Desde el punto de vista de Delfina, todos los logros que Cecilia obtenía ahora debían ser su propia gloria.
¡Cecilia era una ladrona!
Mientras todos charlaban animadamente, ella se levantó de golpe, agarró su mochila y salió del salón.
El maestro estaba a punto de dejar salir a todos, pero que Delfina se fuera así de directo le molestó un poco.
Sin embargo, como había alumnos consultándole dudas sobre el llenado de solicitudes, el profesor Molina no le prestó más atención a Delfina.
—Delfina se fue.
Sandra le dio un codazo a Cecilia para que mirara hacia afuera.
Cecilia se encogió de hombros:
—Que se vaya.

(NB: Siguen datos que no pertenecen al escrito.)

(* Let $b\ge g$ be positive integers, $m=b+g$, and let $W$ be a binary-input channel, with level-$n$ channels $L_n^{(i)}$, $R_n^{(j)}$ as defined in the context. Then for all $n\ge1$: $I(L_{n+1}^{(i)})\le I(L_n^{(i)})$ for all $1\le i\le b$; $I(R_{n+1}^{(1)})\ge I(R_n^{(g)})$; and $I(R_{n+1}^{(j)})\ge I(R_n^{(j-1)})$ for all $1<j\le g$.
   Context: A binary-input channel $V\colon\{0,1\}\to\mathcal{Z}$ is a family of transition probabilities $V(z\mid x)$ on a discrete output alphabet; its symmetric capacity $I(V)$ is the mutual information (in bits) between a uniform input in $\{0,1\}$ and the output. Circuit associated with a pattern: a pattern is a word $\sigma=(\sigma_1,\dots,\sigma_m)\in\{L,R\}^m$ with $\sigma_1=L$ and $\sigma_m=R$. Choose distinct real numbers $p_1,\dots,p_{m-1}$ such that for $2\le k\le m-1$, $p_k<p_{k-1}$ if $\sigma_k=L$ and $p_k>p_{k-1}$ if $\sigma_k=R$. The map $u\mapsto x$ on $\{0,1\}^m$ is: start with $x=u$ and, for $k\in\{1,\dots,m-1\}$ taken in increasing order of $p_k$, replace $x_k$ by $x_k+x_{k+1}$ (mod 2). (The resulting map depends only on $\sigma$.) Given binary-input channels $V_1,\dots,V_m$, let $U_1,\dots,U_m$ be i.i.d. uniform on $\{0,1\}$, $X=x(U)$, and $Z_k$ the output of $V_k$ with input $X_k$, independently across $k$. The $k$-th synthesized channel is the channel from $U_k$ to $(Z_1,\dots,Z_m,U_1,\dots,U_{k-1})$; line $k$ is said to be of type $\sigma_k$. Pattern used (since $g\le b$): $\sigma=L^{b-g}(LR)^g$. Level-1 channels: apply the circuit with $V_1=\dots=V_m=W$; $L_1^{(i)}$ is the synthesized channel at the $i$-th line (from the top) of type $L$, and $R_1^{(j)}$ the one at the $j$-th line of type $R$. Level $n+1$ from level $n$: apply the same circuit with $(V_1,\dots,V_m)$ equal to the ordered list $R_n^{(g)}$, then $L_n^{(1)},\dots,L_n^{(b-g+1)}$, then the pairs $R_n^{(j)},L_n^{(b-g+1+j)}$ for $j=1,\dots,g-1$ (independent uses), and label the outputs $L_{n+1}^{(i)},R_{n+1}^{(j)}$ in the same way. *)

theory Defs
  imports "HOL-Probability.Probability_Mass_Function" "HOL-Analysis.Infinite_Sum"
begin

text \<open>Bits are booleans (False = 0, True = 1); addition mod 2 is (\<noteq>).
  A binary-input channel with output alphabet 'a is a map bool \<Rightarrow> 'a pmf.\<close>

type_synonym 'a channel = "bool \<Rightarrow> 'a pmf"

text \<open>Symmetric capacity: mutual information (in bits) between a uniform input and
  the output, written out (0 log 0 = 0 is automatic since 0 * _ = 0).\<close>
definition sym_cap :: "'a channel \<Rightarrow> real" where
  "sym_cap V = (\<Sum>\<^sub>\<infinity> z. (\<Sum>x\<in>(UNIV::bool set).
      pmf (V x) z / 2 * log 2 (pmf (V x) z / ((pmf (V False) z + pmf (V True) z) / 2))))"

text \<open>Universal output alphabet for iterated synthesized channels: a base output
  of the original channel, or a tuple (Z_1..Z_m, U_1..U_{k-1}).\<close>
datatype 'z chout = Base 'z | Node "'z chout list" "bool list"

definition lift_channel :: "'z channel \<Rightarrow> 'z chout channel" where
  "lift_channel W = (\<lambda>x. map_pmf Base (W x))"

datatype LR = L | R

text \<open>Positions are 1-based; sigma ! (k-1) is the type of line k.
  A concrete valid choice of the p_k: p_1 = 0, p_k = -k if sigma_k = L, p_k = k if R.\<close>
definition pval :: "LR list \<Rightarrow> nat \<Rightarrow> int" where
  "pval \<sigma> k = (if k = 1 then 0 else if \<sigma> ! (k - 1) = L then - int k else int k)"

definition circuit_step :: "nat \<Rightarrow> bool list \<Rightarrow> bool list" where
  "circuit_step k x = x[k - 1 := (x ! (k - 1) \<noteq> x ! k)]"

definition circuit :: "LR list \<Rightarrow> bool list \<Rightarrow> bool list" where
  "circuit \<sigma> u = fold circuit_step (sort_key (pval \<sigma>) [1..<length \<sigma>]) u"

fun seq_pmf :: "'a pmf list \<Rightarrow> 'a list pmf" where
  "seq_pmf [] = return_pmf []"
| "seq_pmf (p # ps) = bind_pmf p (\<lambda>x. bind_pmf (seq_pmf ps) (\<lambda>xs. return_pmf (x # xs)))"

definition uniform_bits :: "nat \<Rightarrow> bool list pmf" where
  "uniform_bits n = pmf_of_set {us. length us = n}"

text \<open>k-th synthesized channel (k 1-based): from U_k to (Z_1..Z_m, U_1..U_{k-1}),
  with the other U_i i.i.d. uniform and Z_j the output of V_j on X_j.\<close>
definition synth :: "LR list \<Rightarrow> 'z chout channel list \<Rightarrow> nat \<Rightarrow> 'z chout channel" where
  "synth \<sigma> Vs k = (\<lambda>a.
     bind_pmf (uniform_bits (k - 1)) (\<lambda>pre.
     bind_pmf (uniform_bits (length \<sigma> - k)) (\<lambda>suf.
       let x = circuit \<sigma> (pre @ [a] @ suf)
       in map_pmf (\<lambda>zs. Node zs pre) (seq_pmf (map2 (\<lambda>V xi. V xi) Vs x)))))"

definition apply_circuit :: "LR list \<Rightarrow> 'z chout channel list \<Rightarrow>
    'z chout channel list \<times> 'z chout channel list" where
  "apply_circuit \<sigma> Vs =
     (map (synth \<sigma> Vs) (filter (\<lambda>k. \<sigma> ! (k - 1) = L) [1..<length \<sigma> + 1]),
      map (synth \<sigma> Vs) (filter (\<lambda>k. \<sigma> ! (k - 1) = R) [1..<length \<sigma> + 1]))"

definition pattern :: "nat \<Rightarrow> nat \<Rightarrow> LR list" where
  "pattern b g = replicate (b - g) L @ concat (replicate g [L, R])"

text \<open>Input list for the next level (1-based notation of the paper):
  R^(g), L^(1..b-g+1), then R^(j), L^(b-g+1+j) for j = 1..g-1.\<close>
definition next_inputs :: "nat \<Rightarrow> nat \<Rightarrow> 'c list \<times> 'c list \<Rightarrow> 'c list" where
  "next_inputs b g LRs = (let Ls = fst LRs; Rs = snd LRs in
     [Rs ! (g - 1)] @ map (\<lambda>i. Ls ! (i - 1)) [1..<b - g + 2]
     @ concat (map (\<lambda>j. [Rs ! (j - 1), Ls ! (b - g + j)]) [1..<g]))"

text \<open>Level 0 is an auxiliary device with every
  channel equal to W, so that next_inputs of level 0 is the all-W list and
  level 1 is exactly the circuit applied to W,...,W.\<close>
primrec level :: "nat \<Rightarrow> nat \<Rightarrow> 'z channel \<Rightarrow> nat \<Rightarrow>
    'z chout channel list \<times> 'z chout channel list" where
  "level b g W 0 = (replicate b (lift_channel W), replicate g (lift_channel W))"
| "level b g W (Suc n) = apply_circuit (pattern b g) (next_inputs b g (level b g W n))"

definition Lch :: "nat \<Rightarrow> nat \<Rightarrow> 'z channel \<Rightarrow> nat \<Rightarrow> nat \<Rightarrow> 'z chout channel" where
  "Lch b g W n i = fst (level b g W n) ! (i - 1)"

definition Rch :: "nat \<Rightarrow> nat \<Rightarrow> 'z channel \<Rightarrow> nat \<Rightarrow> nat \<Rightarrow> 'z chout channel" where
  "Rch b g W n j = snd (level b g W n) ! (j - 1)"

end

theory Submission
  imports Defs
begin

text \<open>Symmetric capacity is unchanged by side information independent of the input, and
  cannot increase under a deterministic map of the output (data processing). For a line k
  of type L, replacing U_{k+1} by E + U_k with a fresh uniform bit E shows that flipping U_k
  only flips the input X_{k+1} of the channel below, so the synthesized channel of line k is
  a degraded version of V_{k+1} with independent side information. For a line r of type R
  preceded by lines j + 1, ..., r - 1 of type L, the input X_j is U_j + ... + U_r; knowing
  U_1, ..., U_{r-1}, the synthesized channel of line r can strip off the known part, so it
  is an upgraded version of V_j. The wiring of level n into level n + 1 places L_n^{(i)} just
  below the i-th L line, R_n^{(g)} on top of the leading run of L lines, and R_n^{(j-1)} just
  above the j-th R line.\<close>

section \<open>Symmetric capacity\<close>

definition cap_term :: "real \<Rightarrow> real \<Rightarrow> real" where
  "cap_term a b = a / 2 * log 2 (a / ((a + b) / 2)) + b / 2 * log 2 (b / ((a + b) / 2))"

lemma sym_cap_eq_infsum_cap_term:
  "sym_cap V = (\<Sum>\<^sub>\<infinity>z. cap_term (pmf (V False) z) (pmf (V True) z))"
  unfolding sym_cap_def cap_term_def by (simp add: UNIV_bool add.commute)

lemma cap_term_commute: "cap_term a b = cap_term b a"
  unfolding cap_term_def by (simp add: add.commute)

lemma cap_term_scale:
  assumes "0 \<le> c" shows "cap_term (c * a) (c * b) = c * cap_term a b"
proof (cases "c = 0")
  case False
  then have "c * a / ((c * a + c * b) / 2) = a / ((a + b) / 2)"
        and "c * b / ((c * a + c * b) / 2) = b / ((a + b) / 2)"
    by (simp_all add: distrib_left[symmetric])
  then show ?thesis unfolding cap_term_def by (simp add: field_simps)
qed (simp add: cap_term_def)

lemma diff_le_mult_ln_ratio:
  fixes a p m q :: real
  assumes "0 \<le> a" "a \<le> p" "0 \<le> m" "0 < q" "a > 0 \<Longrightarrow> m > 0"
  shows "a - m * p / q \<le> a * (ln (a / m) - ln (p / q))"
proof (cases "a = 0")
  case False
  then have pos: "a > 0" "m > 0" "p > 0" using assms by auto
  define x where "x = (a * q) / (m * p)"
  have x: "x > 0" using pos assms by (simp add: x_def)
  have "a * (1 - 1 / x) \<le> a * ln x"
    using ln_le_minus_one[of "1 / x"] x pos by (simp add: ln_div mult_left_mono)
  moreover have "a * (1 - 1 / x) = a - m * p / q" and "ln x = ln (a / m) - ln (p / q)"
    using pos assms by (simp_all add: x_def field_simps ln_div ln_mult)
  ultimately show ?thesis by simp
qed (use assms in simp)

text \<open>Gibbs' inequality in the form needed for data processing: p and q are the
  probabilities of the coarser output symbol that the given one is merged into.\<close>
lemma cap_term_ge:
  fixes a b p q :: real
  assumes "0 \<le> a" "a \<le> p" "0 \<le> b" "b \<le> q"
  shows "a / 2 * log 2 (p / ((p + q) / 2)) + b / 2 * log 2 (q / ((p + q) / 2)) \<le> cap_term a b"
proof (cases "a + b = 0")
  case True
  then have "a = 0" "b = 0" using assms by auto
  then show ?thesis by (simp add: cap_term_def)
next
  case False
  define m where "m = (a + b) / 2"
  define M where "M = (p + q) / 2"
  have m: "m > 0" and M: "M > 0" using assms False by (simp_all add: m_def M_def)
  have "a - m * p / M \<le> a * (ln (a / m) - ln (p / M))"
   and "b - m * q / M \<le> b * (ln (b / m) - ln (q / M))"
    by (rule diff_le_mult_ln_ratio; use assms m M in auto)+
  moreover have "(a - m * p / M) + (b - m * q / M) = 0"
    using M by (simp add: m_def M_def field_simps)
  ultimately have "0 \<le> (a * (ln (a / m) - ln (p / M)) + b * (ln (b / m) - ln (q / M))) / (2 * ln 2)"
    by simp
  moreover have "cap_term a b - (a / 2 * log 2 (p / M) + b / 2 * log 2 (q / M))
        = (a * (ln (a / m) - ln (p / M)) + b * (ln (b / m) - ln (q / M))) / (2 * ln 2)"
    unfolding cap_term_def log_def m_def[symmetric] by (simp add: field_simps)
  ultimately show ?thesis unfolding M_def by linarith
qed

lemma cap_term_nonneg:
  assumes "0 \<le> a" "0 \<le> b" shows "0 \<le> cap_term a b"
proof (cases "a + b = 0")
  case False
  then have "(a + b) / ((a + b + (a + b)) / 2) = 1" by simp
  then show ?thesis using cap_term_ge[of a "a + b" b "a + b"] assms by (simp only: log_one) simp
next
  case True
  then have "a = 0" "b = 0" using assms by auto
  then show ?thesis by (simp add: cap_term_def)
qed

lemma cap_term_le_average:
  assumes "0 \<le> a" "0 \<le> b" shows "cap_term a b \<le> (a + b) / 2"
proof -
  have "x / 2 * log 2 (x / ((a + b) / 2)) \<le> x / 2" if "0 \<le> x" "x \<le> a + b" for x
  proof (cases "x = 0")
    case False
    then have "log 2 (x / ((a + b) / 2)) \<le> log 2 2"
      using that by (subst log_le_cancel_iff) (auto simp: field_simps)
    then show ?thesis using that by (simp add: mult_left_le)
  qed simp
  from this[of a] this[of b] show ?thesis using assms unfolding cap_term_def by simp
qed

lemma summable_on_pmf: "pmf p summable_on A"
  using pmf_abs_summable abs_summable_equivalent summable_on_iff_abs_summable_on_real by blast

lemma infsum_pmf_eq_measure: "(\<Sum>\<^sub>\<infinity>x\<in>A. pmf p x) = measure p A"
  using pmf_abs_summable measure_pmf_conv_infsetsum infsetsum_infsum by metis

Ya llenamos la solicitud, no había nada más que hacer.
—¿No crees que le dé un ataque y haga una tontería? —Sandra estaba realmente preocupada.
No es que le importara que Delfina saltara, sino que le preocupaba que Delfina usara el suicidio para chantajear a Cecilia.
Por ejemplo, para impedirle ir a la universidad.
Sentía que eso era algo que Delfina sería capaz de hacer.
Cecilia negó con la cabeza:
—No está de humor para eso.
En efecto, Delfina no tenía cabeza para armar un drama de suicidio.
Le preocupaba más que la familia Gallegos tuviera una mala opinión de ella.
Ella había sacado resultados mediocres, mientras que Cecilia era el primer lugar. ¿La familia Gallegos realmente la aceptaría como su futura nuera?
¿Se arrepentirían en secreto?
Si no hubiera sido por el intercambio de identidades con Cecilia, ella y Ramiro habrían crecido juntos y su relación sería mucho mejor.
No estaría como ahora: salieron los resultados y todos están felices, menos ella, que está muerta de miedo.
¿De quién era la culpa de todo esto?
¿De la sed de venganza de su madrina Perla?